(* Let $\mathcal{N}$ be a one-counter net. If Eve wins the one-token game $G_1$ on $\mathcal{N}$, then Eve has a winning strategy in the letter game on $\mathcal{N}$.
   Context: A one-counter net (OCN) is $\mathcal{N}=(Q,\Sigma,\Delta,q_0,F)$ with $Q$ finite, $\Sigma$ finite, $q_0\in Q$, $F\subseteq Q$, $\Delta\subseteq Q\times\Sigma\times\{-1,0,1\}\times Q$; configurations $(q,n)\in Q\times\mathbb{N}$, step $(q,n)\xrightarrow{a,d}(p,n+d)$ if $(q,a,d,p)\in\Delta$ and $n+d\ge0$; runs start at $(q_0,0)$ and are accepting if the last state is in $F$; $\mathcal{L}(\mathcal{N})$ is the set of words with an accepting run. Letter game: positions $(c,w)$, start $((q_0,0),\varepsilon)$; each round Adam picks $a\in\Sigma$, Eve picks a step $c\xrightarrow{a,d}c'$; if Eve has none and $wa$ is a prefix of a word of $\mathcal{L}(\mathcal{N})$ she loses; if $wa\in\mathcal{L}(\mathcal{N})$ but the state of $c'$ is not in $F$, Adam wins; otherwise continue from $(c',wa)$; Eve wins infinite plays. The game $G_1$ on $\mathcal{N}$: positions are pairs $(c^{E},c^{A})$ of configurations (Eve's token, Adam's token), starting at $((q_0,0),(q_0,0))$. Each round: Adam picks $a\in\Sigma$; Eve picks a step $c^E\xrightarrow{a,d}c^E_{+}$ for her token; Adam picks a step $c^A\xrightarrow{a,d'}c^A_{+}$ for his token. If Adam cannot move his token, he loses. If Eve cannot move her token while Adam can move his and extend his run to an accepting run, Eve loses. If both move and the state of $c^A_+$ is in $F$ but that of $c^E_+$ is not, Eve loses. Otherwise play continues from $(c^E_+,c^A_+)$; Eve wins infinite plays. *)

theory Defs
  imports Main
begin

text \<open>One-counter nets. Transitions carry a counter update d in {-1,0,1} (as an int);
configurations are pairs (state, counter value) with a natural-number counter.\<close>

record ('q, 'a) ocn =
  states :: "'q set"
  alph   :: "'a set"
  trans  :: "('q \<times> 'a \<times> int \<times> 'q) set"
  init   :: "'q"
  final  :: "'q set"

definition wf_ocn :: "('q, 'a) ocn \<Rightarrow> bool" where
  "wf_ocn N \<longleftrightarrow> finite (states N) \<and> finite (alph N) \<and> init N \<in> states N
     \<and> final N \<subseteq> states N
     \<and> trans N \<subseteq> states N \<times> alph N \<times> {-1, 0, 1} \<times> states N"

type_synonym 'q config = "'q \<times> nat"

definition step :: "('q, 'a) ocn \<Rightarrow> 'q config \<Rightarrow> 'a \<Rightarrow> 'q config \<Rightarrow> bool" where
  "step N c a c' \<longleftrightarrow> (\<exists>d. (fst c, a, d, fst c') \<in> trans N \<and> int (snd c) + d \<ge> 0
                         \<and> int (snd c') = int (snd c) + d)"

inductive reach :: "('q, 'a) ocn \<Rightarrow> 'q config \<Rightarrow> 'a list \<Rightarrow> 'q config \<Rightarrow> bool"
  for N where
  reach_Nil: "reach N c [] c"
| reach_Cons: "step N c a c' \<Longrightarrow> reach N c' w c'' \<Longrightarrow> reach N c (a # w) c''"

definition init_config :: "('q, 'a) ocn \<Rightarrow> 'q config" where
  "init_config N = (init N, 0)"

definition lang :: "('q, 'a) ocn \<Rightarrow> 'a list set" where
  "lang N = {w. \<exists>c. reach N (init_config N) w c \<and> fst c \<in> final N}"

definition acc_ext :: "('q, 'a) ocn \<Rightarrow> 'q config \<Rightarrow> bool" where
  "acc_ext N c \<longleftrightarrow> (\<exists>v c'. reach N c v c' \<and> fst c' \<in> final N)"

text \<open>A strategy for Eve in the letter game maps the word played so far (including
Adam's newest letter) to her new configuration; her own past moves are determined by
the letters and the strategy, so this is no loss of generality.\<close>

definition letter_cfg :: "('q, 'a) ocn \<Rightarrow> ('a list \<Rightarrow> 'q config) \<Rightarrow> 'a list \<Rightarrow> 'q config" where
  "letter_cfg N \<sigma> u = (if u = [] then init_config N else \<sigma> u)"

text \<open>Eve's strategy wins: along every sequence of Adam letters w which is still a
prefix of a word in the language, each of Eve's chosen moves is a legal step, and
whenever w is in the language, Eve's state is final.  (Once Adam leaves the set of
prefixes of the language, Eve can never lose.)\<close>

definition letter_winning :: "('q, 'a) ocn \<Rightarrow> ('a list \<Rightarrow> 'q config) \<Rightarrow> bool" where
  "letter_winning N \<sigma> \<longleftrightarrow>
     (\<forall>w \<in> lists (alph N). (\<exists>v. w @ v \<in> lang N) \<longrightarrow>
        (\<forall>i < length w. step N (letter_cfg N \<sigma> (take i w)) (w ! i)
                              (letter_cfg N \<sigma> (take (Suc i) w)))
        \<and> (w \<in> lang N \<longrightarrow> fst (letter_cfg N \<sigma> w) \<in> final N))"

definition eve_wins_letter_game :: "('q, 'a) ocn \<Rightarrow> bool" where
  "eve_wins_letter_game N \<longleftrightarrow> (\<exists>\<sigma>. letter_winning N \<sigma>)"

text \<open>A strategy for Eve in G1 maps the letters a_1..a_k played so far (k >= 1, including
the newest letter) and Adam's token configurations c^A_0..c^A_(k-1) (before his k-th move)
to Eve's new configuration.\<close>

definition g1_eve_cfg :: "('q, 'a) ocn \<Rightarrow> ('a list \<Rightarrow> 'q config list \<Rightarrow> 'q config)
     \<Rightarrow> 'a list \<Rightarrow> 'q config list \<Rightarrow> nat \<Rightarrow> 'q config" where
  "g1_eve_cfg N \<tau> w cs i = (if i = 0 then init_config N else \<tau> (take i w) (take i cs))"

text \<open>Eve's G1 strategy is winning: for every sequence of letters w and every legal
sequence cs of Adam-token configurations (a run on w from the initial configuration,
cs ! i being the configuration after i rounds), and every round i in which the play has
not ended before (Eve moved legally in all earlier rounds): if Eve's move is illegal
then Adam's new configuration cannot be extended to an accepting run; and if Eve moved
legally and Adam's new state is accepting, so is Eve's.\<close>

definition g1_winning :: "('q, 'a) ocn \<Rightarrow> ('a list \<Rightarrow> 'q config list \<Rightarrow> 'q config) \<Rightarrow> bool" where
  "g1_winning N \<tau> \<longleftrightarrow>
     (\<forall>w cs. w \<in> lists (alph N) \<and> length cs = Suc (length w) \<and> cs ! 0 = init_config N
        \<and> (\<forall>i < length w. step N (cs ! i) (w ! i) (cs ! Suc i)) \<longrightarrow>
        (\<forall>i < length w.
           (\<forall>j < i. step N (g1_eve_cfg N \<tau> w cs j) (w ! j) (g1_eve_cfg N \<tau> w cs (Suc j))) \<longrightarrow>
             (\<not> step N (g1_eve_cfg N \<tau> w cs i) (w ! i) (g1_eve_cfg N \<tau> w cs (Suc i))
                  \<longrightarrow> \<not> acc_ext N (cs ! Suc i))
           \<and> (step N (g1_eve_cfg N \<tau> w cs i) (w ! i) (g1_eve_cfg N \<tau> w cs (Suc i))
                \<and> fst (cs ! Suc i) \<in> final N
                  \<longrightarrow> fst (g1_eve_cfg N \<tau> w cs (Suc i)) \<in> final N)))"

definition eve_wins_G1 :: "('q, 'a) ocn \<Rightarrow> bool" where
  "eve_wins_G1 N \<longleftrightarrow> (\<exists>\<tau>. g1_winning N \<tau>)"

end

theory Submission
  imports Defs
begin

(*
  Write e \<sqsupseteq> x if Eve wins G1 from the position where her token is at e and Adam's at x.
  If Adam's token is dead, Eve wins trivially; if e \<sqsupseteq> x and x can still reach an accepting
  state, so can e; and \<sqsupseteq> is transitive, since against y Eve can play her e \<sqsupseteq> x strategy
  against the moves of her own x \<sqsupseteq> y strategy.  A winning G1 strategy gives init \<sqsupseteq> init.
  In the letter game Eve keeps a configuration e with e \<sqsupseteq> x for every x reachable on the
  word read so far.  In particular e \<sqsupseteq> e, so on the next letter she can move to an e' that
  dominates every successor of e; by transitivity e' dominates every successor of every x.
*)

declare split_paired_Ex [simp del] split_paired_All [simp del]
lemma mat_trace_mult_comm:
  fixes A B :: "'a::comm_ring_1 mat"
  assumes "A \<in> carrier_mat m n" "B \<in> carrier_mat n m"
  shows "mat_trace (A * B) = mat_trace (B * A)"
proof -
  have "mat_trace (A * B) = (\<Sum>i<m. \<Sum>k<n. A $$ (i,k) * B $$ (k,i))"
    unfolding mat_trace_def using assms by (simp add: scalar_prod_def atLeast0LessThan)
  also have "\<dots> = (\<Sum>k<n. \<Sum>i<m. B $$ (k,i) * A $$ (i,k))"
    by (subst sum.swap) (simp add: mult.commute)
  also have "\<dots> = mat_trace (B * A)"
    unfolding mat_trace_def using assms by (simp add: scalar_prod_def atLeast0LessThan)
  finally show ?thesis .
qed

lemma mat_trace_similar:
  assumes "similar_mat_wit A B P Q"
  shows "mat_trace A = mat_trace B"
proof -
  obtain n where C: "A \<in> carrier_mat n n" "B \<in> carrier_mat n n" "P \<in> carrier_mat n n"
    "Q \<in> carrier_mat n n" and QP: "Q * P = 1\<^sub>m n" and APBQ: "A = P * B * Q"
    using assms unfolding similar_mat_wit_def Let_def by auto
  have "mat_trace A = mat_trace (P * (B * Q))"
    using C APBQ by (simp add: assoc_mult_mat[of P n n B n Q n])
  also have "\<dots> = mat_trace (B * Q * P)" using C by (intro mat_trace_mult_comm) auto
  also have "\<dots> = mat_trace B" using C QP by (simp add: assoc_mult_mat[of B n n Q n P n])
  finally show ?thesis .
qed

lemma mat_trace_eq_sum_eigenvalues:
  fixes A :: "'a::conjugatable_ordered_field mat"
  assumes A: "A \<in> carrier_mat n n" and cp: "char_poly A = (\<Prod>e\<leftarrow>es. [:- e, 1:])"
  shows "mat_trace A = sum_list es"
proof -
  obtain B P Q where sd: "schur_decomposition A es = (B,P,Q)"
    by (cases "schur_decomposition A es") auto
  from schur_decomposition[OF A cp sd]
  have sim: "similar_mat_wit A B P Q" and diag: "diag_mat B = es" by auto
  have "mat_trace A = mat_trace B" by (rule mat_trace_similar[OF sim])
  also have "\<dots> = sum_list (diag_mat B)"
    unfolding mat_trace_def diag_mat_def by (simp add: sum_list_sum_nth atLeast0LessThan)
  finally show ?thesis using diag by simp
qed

****

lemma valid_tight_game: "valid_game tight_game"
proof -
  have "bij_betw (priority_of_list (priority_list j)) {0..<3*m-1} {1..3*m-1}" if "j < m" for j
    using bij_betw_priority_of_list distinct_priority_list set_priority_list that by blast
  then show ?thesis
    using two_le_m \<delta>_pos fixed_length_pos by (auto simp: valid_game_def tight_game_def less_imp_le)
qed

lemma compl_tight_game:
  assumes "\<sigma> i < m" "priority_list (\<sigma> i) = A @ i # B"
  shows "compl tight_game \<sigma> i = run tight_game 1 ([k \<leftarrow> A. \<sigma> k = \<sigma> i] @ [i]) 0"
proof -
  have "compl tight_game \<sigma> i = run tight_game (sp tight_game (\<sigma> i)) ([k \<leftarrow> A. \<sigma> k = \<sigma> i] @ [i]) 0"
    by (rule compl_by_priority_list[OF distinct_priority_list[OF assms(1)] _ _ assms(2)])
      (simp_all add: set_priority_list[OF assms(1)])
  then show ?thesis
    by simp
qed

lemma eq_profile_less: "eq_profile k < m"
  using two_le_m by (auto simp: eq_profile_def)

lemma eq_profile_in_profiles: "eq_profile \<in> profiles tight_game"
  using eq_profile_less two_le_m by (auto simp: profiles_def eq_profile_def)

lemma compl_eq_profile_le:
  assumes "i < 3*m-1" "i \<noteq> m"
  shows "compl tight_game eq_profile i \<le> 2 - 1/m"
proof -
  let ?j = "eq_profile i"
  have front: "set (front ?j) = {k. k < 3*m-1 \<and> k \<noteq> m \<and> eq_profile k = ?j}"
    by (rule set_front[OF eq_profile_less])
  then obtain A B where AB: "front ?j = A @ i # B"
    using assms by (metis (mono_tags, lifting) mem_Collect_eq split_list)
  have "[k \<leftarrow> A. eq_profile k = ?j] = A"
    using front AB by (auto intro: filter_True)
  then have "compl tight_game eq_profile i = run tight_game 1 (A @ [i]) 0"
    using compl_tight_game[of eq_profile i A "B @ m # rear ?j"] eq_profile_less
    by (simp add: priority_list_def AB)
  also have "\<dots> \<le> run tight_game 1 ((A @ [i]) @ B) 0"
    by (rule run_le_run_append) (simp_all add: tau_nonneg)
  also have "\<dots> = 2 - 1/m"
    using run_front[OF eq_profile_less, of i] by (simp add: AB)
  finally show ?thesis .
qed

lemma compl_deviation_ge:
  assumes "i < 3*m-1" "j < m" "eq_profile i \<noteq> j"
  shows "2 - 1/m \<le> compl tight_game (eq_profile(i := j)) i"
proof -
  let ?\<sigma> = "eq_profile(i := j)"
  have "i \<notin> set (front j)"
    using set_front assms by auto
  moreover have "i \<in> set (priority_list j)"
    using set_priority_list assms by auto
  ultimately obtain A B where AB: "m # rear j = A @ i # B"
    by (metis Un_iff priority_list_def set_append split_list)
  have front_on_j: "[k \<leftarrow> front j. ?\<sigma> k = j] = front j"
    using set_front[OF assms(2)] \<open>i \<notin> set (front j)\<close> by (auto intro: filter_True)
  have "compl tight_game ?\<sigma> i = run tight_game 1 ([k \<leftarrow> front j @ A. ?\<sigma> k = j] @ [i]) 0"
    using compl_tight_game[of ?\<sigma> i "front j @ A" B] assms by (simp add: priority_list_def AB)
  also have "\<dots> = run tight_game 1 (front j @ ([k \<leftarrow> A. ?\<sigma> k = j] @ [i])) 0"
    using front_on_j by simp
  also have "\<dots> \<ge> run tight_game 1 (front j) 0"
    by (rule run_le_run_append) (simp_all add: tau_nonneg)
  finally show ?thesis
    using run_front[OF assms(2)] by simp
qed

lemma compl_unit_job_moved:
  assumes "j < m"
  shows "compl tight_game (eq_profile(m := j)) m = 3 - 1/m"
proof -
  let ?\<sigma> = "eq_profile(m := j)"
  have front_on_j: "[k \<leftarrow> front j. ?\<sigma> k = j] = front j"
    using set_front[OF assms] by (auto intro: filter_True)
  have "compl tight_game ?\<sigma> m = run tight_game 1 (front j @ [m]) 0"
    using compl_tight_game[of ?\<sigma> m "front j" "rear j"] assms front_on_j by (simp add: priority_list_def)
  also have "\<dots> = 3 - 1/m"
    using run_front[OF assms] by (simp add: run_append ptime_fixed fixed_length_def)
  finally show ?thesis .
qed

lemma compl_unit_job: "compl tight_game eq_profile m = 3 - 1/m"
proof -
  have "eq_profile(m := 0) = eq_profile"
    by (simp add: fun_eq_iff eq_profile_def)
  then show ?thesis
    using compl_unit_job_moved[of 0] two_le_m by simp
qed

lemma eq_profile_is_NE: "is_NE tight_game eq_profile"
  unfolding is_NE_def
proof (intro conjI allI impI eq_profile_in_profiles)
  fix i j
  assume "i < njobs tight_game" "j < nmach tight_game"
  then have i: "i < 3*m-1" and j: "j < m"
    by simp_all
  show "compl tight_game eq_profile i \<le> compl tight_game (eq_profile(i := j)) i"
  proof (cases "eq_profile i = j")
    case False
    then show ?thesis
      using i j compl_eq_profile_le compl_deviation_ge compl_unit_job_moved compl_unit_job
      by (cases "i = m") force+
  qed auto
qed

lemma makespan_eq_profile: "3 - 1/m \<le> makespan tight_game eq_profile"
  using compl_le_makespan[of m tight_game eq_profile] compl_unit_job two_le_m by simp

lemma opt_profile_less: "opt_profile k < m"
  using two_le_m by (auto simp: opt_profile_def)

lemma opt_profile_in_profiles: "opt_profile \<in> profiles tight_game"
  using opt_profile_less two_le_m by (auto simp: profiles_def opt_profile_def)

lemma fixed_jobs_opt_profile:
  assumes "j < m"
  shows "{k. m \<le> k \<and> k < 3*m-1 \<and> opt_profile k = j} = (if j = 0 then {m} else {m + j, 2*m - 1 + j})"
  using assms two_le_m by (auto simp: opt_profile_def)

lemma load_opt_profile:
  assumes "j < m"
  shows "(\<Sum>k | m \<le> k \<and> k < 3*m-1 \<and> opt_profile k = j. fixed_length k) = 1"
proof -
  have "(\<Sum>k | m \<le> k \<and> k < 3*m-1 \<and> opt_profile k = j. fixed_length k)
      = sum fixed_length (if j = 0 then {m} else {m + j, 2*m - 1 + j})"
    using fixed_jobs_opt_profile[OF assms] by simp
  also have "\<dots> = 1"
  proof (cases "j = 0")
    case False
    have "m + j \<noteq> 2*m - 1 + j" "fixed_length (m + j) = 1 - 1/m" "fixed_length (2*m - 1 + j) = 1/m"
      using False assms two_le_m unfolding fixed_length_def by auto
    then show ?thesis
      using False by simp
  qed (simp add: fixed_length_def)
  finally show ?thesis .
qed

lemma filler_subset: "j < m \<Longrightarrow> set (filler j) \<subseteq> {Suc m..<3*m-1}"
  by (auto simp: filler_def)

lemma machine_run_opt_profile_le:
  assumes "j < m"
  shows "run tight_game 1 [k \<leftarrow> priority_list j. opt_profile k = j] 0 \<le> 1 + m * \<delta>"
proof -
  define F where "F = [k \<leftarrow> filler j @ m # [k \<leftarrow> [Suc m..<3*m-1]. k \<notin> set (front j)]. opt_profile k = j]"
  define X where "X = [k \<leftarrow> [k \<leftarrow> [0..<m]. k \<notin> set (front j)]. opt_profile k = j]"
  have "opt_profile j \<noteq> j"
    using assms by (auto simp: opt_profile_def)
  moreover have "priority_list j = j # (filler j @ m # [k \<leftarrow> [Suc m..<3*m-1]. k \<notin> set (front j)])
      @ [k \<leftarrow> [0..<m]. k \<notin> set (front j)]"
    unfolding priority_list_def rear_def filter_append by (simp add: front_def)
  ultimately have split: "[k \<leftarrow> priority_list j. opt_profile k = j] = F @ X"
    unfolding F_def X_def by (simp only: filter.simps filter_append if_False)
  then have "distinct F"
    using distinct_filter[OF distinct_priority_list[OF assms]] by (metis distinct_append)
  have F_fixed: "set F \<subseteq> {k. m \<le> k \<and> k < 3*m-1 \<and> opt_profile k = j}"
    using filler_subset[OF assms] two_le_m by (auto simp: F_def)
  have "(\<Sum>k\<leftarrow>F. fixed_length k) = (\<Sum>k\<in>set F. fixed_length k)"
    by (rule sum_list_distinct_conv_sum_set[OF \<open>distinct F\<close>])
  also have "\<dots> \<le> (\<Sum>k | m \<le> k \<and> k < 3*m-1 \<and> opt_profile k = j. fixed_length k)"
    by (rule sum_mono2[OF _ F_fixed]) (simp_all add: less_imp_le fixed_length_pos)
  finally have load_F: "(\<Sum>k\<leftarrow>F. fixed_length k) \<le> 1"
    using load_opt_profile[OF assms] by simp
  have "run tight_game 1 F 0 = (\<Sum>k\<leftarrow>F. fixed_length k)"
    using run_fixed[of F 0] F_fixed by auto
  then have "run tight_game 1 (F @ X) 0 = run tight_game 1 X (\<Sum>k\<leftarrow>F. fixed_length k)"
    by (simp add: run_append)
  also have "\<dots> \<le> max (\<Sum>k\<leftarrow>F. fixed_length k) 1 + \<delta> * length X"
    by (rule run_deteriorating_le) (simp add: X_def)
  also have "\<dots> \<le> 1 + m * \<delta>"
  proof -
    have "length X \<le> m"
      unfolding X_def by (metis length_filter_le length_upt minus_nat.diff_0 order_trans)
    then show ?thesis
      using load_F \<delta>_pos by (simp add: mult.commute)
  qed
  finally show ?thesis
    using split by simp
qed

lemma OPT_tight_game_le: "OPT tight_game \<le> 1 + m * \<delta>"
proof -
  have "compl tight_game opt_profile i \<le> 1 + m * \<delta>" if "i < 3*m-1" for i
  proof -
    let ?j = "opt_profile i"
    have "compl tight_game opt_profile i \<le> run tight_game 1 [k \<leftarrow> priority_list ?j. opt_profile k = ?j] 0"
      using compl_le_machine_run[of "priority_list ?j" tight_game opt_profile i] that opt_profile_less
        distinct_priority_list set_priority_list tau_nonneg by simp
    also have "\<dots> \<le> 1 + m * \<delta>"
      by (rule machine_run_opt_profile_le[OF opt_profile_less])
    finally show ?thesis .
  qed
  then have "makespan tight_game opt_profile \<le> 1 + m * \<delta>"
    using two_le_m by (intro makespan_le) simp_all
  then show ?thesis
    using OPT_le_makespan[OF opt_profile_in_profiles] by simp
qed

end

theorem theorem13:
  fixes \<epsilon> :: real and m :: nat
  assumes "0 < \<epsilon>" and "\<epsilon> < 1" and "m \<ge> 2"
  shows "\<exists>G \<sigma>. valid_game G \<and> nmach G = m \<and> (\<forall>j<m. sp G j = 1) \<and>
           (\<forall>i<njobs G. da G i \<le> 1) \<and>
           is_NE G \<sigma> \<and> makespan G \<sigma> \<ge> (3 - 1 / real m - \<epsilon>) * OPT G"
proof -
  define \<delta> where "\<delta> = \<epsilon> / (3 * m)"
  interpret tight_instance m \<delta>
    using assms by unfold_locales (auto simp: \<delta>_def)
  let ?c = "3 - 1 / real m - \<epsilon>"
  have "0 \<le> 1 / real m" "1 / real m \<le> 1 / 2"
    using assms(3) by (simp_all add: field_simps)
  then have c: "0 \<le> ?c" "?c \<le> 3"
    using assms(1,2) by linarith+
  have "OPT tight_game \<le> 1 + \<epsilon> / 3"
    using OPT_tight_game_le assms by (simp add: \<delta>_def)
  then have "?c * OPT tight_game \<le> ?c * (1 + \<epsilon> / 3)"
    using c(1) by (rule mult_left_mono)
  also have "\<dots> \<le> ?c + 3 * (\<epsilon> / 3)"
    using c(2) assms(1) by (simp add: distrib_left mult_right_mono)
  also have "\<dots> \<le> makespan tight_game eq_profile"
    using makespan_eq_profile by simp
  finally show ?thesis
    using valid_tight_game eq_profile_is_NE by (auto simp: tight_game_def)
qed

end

****

**Task to carry out**
All that is wanted is the stretch of lines above from the one containing "using False by simp" through the one containing "k) = (\<Sum>k\<in>set", duplicated exactly.

**Answer to the exercise**
      using False by simp
  qed (simp add: fixed_length_def)
  finally show ?thesis .
qed

lemma filler_subset: "j < m \<Longrightarrow> set (filler j) \<subseteq> {Suc m..<3*m-1}"
  by (auto simp: filler_def)

lemma machine_run_opt_profile_le:
  assumes "j < m"
  shows "run tight_game 1 [k \<leftarrow> priority_list j. opt_profile k = j] 0 \<le> 1 + m * \<delta>"
proof -
  define F where "F = [k \<leftarrow> filler j @ m # [k \<leftarrow> [Suc m..<3*m-1]. k \<notin> set (front j)]. opt_profile k = j]"
  define X where "X = [k \<leftarrow> [k \<leftarrow> [0..<m]. k \<notin> set (front j)]. opt_profile k = j]"
  have "opt_profile j \<noteq> j"
    using assms by (auto simp: opt_profile_def)
  moreover have "priority_list j = j # (filler j @ m # [k \<leftarrow> [Suc m..<3*m-1]. k \<notin> set (front j)])
      @ [k \<leftarrow> [0..<m]. k \<notin> set (front j)]"
    unfolding priority_list_def rear_def filter_append by (simp add: front_def)
  ultimately have split: "[k \<leftarrow> priority_list j. opt_profile k = j] = F @ X"
    unfolding F_def X_def by (simp only: filter.simps filter_append if_False)
  then have "distinct F"
    using distinct_filter[OF distinct_priority_list[OF assms]] by (metis distinct_append)
  have F_fixed: "set F \<subseteq> {k. m \<le> k \<and> k < 3*m-1 \<and> opt_profile k = j}"
    using filler_subset[OF assms] two_le_m by (auto simp: F_def)
  have "(\<Sum>k\<leftarrow>F. fixed_length k) = (\<Sum>k\<in>set F. fixed_length k)"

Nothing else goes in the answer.